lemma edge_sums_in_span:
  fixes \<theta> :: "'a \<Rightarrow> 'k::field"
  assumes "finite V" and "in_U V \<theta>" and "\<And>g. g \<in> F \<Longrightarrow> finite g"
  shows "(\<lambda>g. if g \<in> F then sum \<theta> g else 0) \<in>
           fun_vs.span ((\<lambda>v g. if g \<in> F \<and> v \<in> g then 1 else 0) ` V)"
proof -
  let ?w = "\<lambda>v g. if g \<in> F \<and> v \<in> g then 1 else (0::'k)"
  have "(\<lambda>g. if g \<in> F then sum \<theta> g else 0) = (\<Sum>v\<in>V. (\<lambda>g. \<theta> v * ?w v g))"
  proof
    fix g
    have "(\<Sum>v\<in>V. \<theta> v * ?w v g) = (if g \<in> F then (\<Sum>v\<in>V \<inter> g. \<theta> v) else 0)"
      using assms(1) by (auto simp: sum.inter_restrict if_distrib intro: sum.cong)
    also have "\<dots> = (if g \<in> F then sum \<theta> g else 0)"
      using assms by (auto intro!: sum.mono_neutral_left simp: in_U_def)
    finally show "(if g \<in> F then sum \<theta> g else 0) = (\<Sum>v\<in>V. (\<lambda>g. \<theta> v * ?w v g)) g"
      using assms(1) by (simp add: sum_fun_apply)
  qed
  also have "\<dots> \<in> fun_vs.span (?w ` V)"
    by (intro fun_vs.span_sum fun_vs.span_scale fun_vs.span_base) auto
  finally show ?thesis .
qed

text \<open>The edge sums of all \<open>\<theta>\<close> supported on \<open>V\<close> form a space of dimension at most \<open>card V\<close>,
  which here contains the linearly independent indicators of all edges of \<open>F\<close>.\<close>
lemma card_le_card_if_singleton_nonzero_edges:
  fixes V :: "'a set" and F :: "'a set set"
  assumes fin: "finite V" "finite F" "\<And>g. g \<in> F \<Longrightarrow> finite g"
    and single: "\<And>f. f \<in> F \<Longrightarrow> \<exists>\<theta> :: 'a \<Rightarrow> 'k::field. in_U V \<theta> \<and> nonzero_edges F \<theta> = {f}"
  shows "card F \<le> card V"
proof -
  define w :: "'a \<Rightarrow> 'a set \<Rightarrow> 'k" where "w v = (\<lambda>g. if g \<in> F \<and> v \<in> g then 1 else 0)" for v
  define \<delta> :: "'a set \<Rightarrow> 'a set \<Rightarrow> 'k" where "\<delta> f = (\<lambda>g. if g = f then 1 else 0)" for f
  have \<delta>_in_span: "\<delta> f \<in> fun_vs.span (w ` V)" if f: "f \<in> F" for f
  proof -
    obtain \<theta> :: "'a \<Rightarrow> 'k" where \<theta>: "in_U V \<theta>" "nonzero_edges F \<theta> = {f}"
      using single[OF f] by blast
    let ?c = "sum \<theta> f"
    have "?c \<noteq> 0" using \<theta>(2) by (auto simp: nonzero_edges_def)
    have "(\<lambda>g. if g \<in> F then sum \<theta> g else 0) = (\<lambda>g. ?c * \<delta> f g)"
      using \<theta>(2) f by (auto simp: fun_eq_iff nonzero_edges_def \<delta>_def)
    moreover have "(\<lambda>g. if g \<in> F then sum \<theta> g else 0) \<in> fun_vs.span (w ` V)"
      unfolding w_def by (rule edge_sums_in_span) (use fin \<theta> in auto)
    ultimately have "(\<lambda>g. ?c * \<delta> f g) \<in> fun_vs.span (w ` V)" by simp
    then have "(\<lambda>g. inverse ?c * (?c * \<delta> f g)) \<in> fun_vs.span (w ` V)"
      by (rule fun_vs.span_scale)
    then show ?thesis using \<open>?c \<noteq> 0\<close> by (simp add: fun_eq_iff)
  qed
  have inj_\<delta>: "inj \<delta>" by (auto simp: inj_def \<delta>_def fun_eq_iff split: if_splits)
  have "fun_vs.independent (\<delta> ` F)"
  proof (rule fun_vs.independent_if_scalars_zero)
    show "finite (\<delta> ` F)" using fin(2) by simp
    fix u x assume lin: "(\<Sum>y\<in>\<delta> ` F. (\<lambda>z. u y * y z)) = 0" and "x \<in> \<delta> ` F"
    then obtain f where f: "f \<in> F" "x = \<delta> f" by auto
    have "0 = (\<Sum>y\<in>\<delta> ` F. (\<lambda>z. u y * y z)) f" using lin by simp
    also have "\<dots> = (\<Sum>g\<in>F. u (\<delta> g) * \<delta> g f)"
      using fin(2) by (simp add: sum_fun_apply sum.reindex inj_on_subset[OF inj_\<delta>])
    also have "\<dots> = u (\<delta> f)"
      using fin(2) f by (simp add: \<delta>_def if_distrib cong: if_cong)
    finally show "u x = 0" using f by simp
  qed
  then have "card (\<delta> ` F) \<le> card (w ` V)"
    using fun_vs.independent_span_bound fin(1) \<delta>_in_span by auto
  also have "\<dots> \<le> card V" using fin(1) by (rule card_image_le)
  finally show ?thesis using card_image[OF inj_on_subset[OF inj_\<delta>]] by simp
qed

-------

## Exercise description
Once you have read the material, set it down again word for word.

## Reply to the exercise
lemma edge_sums_in_span:
  fixes \<theta> :: "'a \<Rightarrow> 'k::field"
  assumes "finite V" and "in_U V \<theta>" and "\<And>g. g \<in> F \<Longrightarrow> finite g"
  shows "(\<lambda>g. if g \<in> F then sum \<theta> g else 0) \<in>
           fun_vs.span ((\<lambda>v g. if g \<in> F \<and> v \<in> g then 1 else 0) ` V)"
proof -
  let ?w = "\<lambda>v g. if g \<in> F \<and> v \<in> g then 1 else (0::'k)"
  have "(\<lambda>g. if g \<in> F then sum \<theta> g else 0) = (\<Sum>v\<in>V. (\<lambda>g. \<theta> v * ?w v g))"
  proof
    fix g
    have "(\<Sum>v\<in>V. \<theta> v * ?w v g) = (if g \<in> F then (\<Sum>v\<in>V \<inter> g. \<theta> v) else 0)"
      using assms(1) by (auto simp: sum.inter_restrict if_distrib intro: sum.cong)
    also have "\<dots> = (if g \<in> F then sum \<theta> g else 0)"
      using assms by (auto intro!: sum.mono_neutral_left simp: in_U_def)
    finally show "(if g \<in> F then sum \<theta> g else 0) = (\<Sum>v\<in>V. (\<lambda>g. \<theta> v * ?w v g)) g"
      using assms(1) by (simp add: sum_fun_apply)
  qed
  also have "\<dots> \<in> fun_vs.span (?w ` V)"
    by (intro fun_vs.span_sum fun_vs.span_scale fun_vs.span_base) auto
  finally show ?thesis .
qed

text \<open>The edge sums of all \<open>\<theta>\<close> supported on \<open>V\<close> form a space of dimension at most \<open>card V\<close>,
  which here contains the linearly independent indicators of all edges of \<open>F\<close>.\<close>
lemma card_le_card_if_singleton_nonzero_edges:
  fixes V :: "'a set" and F :: "'a set set"
  assumes fin: "finite V" "finite F" "\<And>g. g \<in> F \<Longrightarrow> finite g"
    and single: "\<And>f. f \<in> F \<Longrightarrow> \<exists>\<theta> :: 'a \<Rightarrow> 'k::field. in_U V \<theta> \<and> nonzero_edges F \<theta> = {f}"
  shows "card F \<le> card V"
proof -
  define w :: "'a \<Rightarrow> 'a set \<Rightarrow> 'k" where "w v = (\<lambda>g. if g \<in> F \<and> v \<in> g then 1 else 0)" for v
  define \<delta> :: "'a set \<Rightarrow> 'a set \<Rightarrow> 'k" where "\<delta> f = (\<lambda>g. if g = f then 1 else 0)" for f
  have \<delta>_in_span: "\<delta> f \<in> fun_vs.span (w ` V)" if f: "f \<in> F" for f
  proof -
    obtain \<theta> :: "'a \<Rightarrow> 'k" where \<theta>: "in_U V \<theta>" "nonzero_edges F \<theta> = {f}"
      using single[OF f] by blast
    let ?c = "sum \<theta> f"
    have "?c \<noteq> 0" using \<theta>(2) by (auto simp: nonzero_edges_def)
    have "(\<lambda>g. if g \<in> F then sum \<theta> g else 0) = (\<lambda>g. ?c * \<delta> f g)"
      using \<theta>(2) f by (auto simp: fun_eq_iff nonzero_edges_def \<delta>_def)
    moreover have "(\<lambda>g. if g \<in> F then sum \<theta> g else 0) \<in> fun_vs.span (w ` V)"
      unfolding w_def by (rule edge_sums_in_span) (use fin \<theta> in auto)
    ultimately have "(\<lambda>g. ?c * \<delta> f g) \<in> fun_vs.span (w ` V)" by simp
    then have "(\<lambda>g. inverse ?c * (?c * \<delta> f g)) \<in> fun_vs.span (w ` V)"
      by (rule fun_vs.span_scale)
    then show ?thesis using \<open>?c \<noteq> 0\<close> by (simp add: fun_eq_iff)
  qed
  have inj_\<delta>: "inj \<delta>" by (auto simp: inj_def \<delta>_def fun_eq_iff split: if_splits)
  have "fun_vs.independent (\<delta> ` F)"
  proof (rule fun_vs.independent_if_scalars_zero)
    show "finite (\<delta> ` F)" using fin(2) by simp
    fix u x assume lin: "(\<Sum>y\<in>\<delta> ` F. (\<lambda>z. u y * y z)) = 0" and "x \<in> \<delta> ` F"
    then obtain f where f: "f \<in> F" "x = \<delta> f" by auto
    have "0 = (\<Sum>y\<in>\<delta> ` F. (\<lambda>z. u y * y z)) f" using lin by simp
    also have "\<dots> = (\<Sum>g\<in>F. u (\<delta> g) * \<delta> g f)"
      using fin(2) by (simp add: sum_fun_apply sum.reindex inj_on_subset[OF inj_\<delta>])
    also have "\<dots> = u (\<delta> f)"
      using fin(2) f by (simp add: \<delta>_def if_distrib cong: if_cong)
    finally show "u x = 0" using f by simp
  qed
  then have "card (\<delta> ` F) \<le> card (w ` V)"
    using fun_vs.independent_span_bound fin(1) \<delta>_in_span by auto
  also have "\<dots> \<le> card V" using fin(1) by (rule card_image_le)
  finally show ?thesis using card_image[OF inj_on_subset[OF inj_\<delta>]] by simp
qed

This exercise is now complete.